Spark first, last函数的坑

224 阅读 0 评论 148 点赞

我是靠谱客的博主凶狠台灯，这篇文章主要介绍Spark first, last函数的坑，现在分享给大家，希望可以做个参考。

Spark SQL的聚合函数中有first, last函数，从字面意思就是根据分组获取第一条和最后一条记录的值，实际上，只在local模式下，你可以得到满意的答案，但是在生产环境（分布式）时，这个是不能保证的。看源码的解释：

/**
* Returns the first value of `child` for a group of rows. If the first value of `child`
* is `null`, it returns `null` (respecting nulls). Even if [[First]] is used on an already
* sorted column, if we do partial aggregation and final aggregation (when mergeExpression
* is used) its result will not be deterministic (unless the input table is sorted and has
* a single partition, and we use a single reducer to do the aggregation.).
*/

如何保证first, last是有效呢？表要排好序的，同时只能用一个分区处理，再用一个reducer来聚合。。。

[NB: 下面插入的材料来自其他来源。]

lemma Gamma_pi_in_span_new_family:
  assumes "0 < k" and "0 < n" and B: "\<forall>l<k * (n - 1) + 1. B l \<in> Gamma k n"
    and span: "\<forall>A\<in>Gamma k n. \<exists>c. A = lincomb (k * (n - 1) + 1) c B"
    and A: "A \<in> Gamma_pi (2 * k + 1) n"
  shows "\<exists>c. A = lincomb (k * (n - 1) + 1 + (half_up n - 1)) c (new_family k n B)"
proof -
  define N where "N = k * (n - 1) + 1"
  define m where "m = half_up n - 1"
  obtain X v where X: "stochastic k n X" and sym: "\<forall>j<n. v (n - 1 - j) = v j"
    and sum1: "(\<Sum>j<n. v j) = 1" and A_eq: "A = stack k n X v (flip k n X)"
    using A by (rule Gamma_pi_stackE)
  define a where "a i = 2 * v i" for i
  have C: "\<forall>i<m. Cmat k n (i + 1) \<in> Gamma k n"
    using \<open>0 < n\<close> by (auto simp: Gamma_def m_def half_up_def intro: Cmat_stochastic)
  obtain b where top: "(\<lambda>r j. lincomb N b B r j + lincomb m a (\<lambda>i. Cmat k n (i + 1)) r j) = X"
    and b_sum: "(\<Sum>l<N. b l) = 1 - (\<Sum>i<m. a i)"
    by (rule stochastic_split_lincomb[OF \<open>0 < k\<close> \<open>0 < n\<close> B[folded N_def] span[folded N_def] C X])
  define c where "c l = (if l < N then b l else a (l - N))" for l
  have "lincomb N c B = lincomb N b B" and "(\<lambda>i. c (N + i)) = a"
    and c_sum: "(\<Sum>l<N. c l) = 1 - (\<Sum>i<m. a i)" and c_C: "c (N + i) = a i" for i
    using b_sum by (simp_all add: fun_eq_iff lincomb_def c_def)
  then have "lincomb (N + m) c (new_family k n B)
      = stack k n X (\<lambda>j. (\<Sum>l<N. c l) * mid_row n j + (\<Sum>i<m. c (N + i) * dvec n (i + 1) j)) (flip k n X)"
    unfolding lincomb_new_family[OF N_def] by (simp only: top)
  also have "\<dots> = A"
    unfolding A_eq
  proof (rule stack_cong)
    fix j assume "j < n"
    show "(\<Sum>l<N. c l) * mid_row n j + (\<Sum>i<m. c (N + i) * dvec n (i + 1) j) = v j"
      using symmetric_row_decomp[OF sym sum1 \<open>j < n\<close>] by (simp add: c_sum c_C a_def m_def)
  qed
  finally show ?thesis
    unfolding N_def m_def by blast
qed

theorem mainTheorem10:
  fixes k n :: nat and B :: "nat \<Rightarrow> rmat"
  assumes "0 < k" and "0 < n"
    and "is_basis (Gamma k n) (k * (n - 1) + 1) B"
  shows "is_basis (Gamma_pi (2 * k + 1) n) (k * (n - 1) + 1 + (half_up n - 1)) (new_family k n B)"
proof -
  have B: "\<forall>l<k * (n - 1) + 1. B l \<in> Gamma k n"
    and indep: "lin_indep (k * (n - 1) + 1) B"
    and span: "\<forall>A\<in>Gamma k n. \<exists>c. A = lincomb (k * (n - 1) + 1) c B"
    using assms(3) by (simp_all add: is_basis_def)
  show ?thesis
    unfolding is_basis_def
    using new_family_in_Gamma_pi[OF \<open>0 < n\<close> B] lin_indep_new_family[OF B indep]
      Gamma_pi_in_span_new_family[OF \<open>0 < k\<close> \<open>0 < n\<close> B span]
    by blast
qed

end
lemma red_triple_pair_loses:
  assumes "\<not> blue_triple B T {x, x', y}" "x \<noteq> x'" "B x = B x'"
  shows "\<not> T (B x) (B y)"
proof
  assume "T (B x) (B y)"
  then have "blue_triple B T {x, x', y}"
    unfolding blue_triple_def using assms(2,3)
    by (intro disjI2 exI[of _ x] exI[of _ x'] exI[of _ y]) auto
  with assms(1) show False ..
qed

lemma red_triple_red_blocks:
  assumes "\<not> blue_triple B T {x, y, z}" "x \<noteq> y" "x \<noteq> z" "y \<noteq> z"
  shows "red_blocks T (B x) (B y) (B z)"
proof -
  have "\<not> blue_triple B T {x, z, y}" "\<not> blue_triple B T {y, z, x}"
    using assms(1) by (simp_all add: insert_commute)
  moreover have "B x = B y \<or> B x = B z \<or> B y = B z"
    using assms(1) unfolding blue_triple_def by auto
  ultimately show ?thesis
    unfolding red_blocks_def using red_triple_pair_loses assms by metis
qed

lemma blue_triple_pair_beats:
  assumes "blue_triple B T {x, x', y}" "x \<noteq> x'" "x \<noteq> y" "x' \<noteq> y" "B x = B x'"
    and "\<not> T (B x) (B x)"
  shows "T (B x) (B y)"
proof -
  have blocks: "B ` {x, x', y} = {B x, B y}"
    using assms(5) by auto
  from assms(1) consider
      (rainbow) u v w where "{x, x', y} = {u, v, w}" "B u \<noteq> B v" "B v \<noteq> B w" "B u \<noteq> B w"
    | (pair) u u' w where "{x, x', y} = {u, u', w}" "u \<noteq> u'" "B u = B u'" "T (B u) (B w)"
    unfolding blue_triple_def by blast
  then show ?thesis
  proof cases
    case rainbow
    then have "B u \<in> {B x, B y}" "B v \<in> {B x, B y}" "B w \<in> {B x, B y}"
      using blocks by blast+
    then show ?thesis
      using rainbow(2-4) by auto
  next
    case pair
    have u: "u \<in> {x, x', y}" "u' \<in> {x, x', y}" and "w \<in> {x, x', y}"
      using pair(1) by auto
    show ?thesis
    proof (cases "B u = B x")
      case True
      moreover have "B w \<in> {B x, B y}"
        using \<open>w \<in> {x, x', y}\<close> assms(5) by auto
      ultimately show ?thesis
        using pair(4) assms(6) by auto
    next
      case False
      then have "u = y" "u' = y"
        using u pair(3) assms(5) by auto
      with pair(2) show ?thesis
        by simp
    qed
  qed
qed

所以，在多分区场景不能用first, last函数求得聚合的第一条和最后一条数据。

解决方案：利用Window。

val spark = SparkSession.builder().master("local").appName("Demo").getOrCreate()
import spark.implicits._
val df = Seq(("a", 10, 12345), ("a", 12, 34567), ("a", 11, 23456), ("b", 10, 55555), ("b", 8, 12348)).toDF("name", "value", "event_time")
// 定义window
val asc = Window.partitionBy("name").orderBy($"event_time")
val desc = Window.partitionBy("name").orderBy($"event_time".desc)
// 根据window生成row_number，根据row_number获取对应的数据
val firstValue = df.withColumn("rn", row_number().over(asc)).where($"rn" === 1).drop("rn")
val lastValue = df.withColumn("rn", row_number().over(desc)).where($"rn" === 1).drop("rn")
// 利用join把数据聚合一起
df.groupBy("name")
.count().as("t1")
.join(firstValue.as("fv"), "name")
.join(lastValue.as("lv"), "name")
.select($"t1.name", $"fv.value".as("first_value"), $"lv.value".as("last_value"), $"t1.count")
.show()

输出：

+----+-----------+----------+-----+
|name|first_value|last_value|count|
+----+-----------+----------+-----+
|   b|          8|        10|    2|
|   a|         10|        12|    3|
+----+-----------+----------+-----+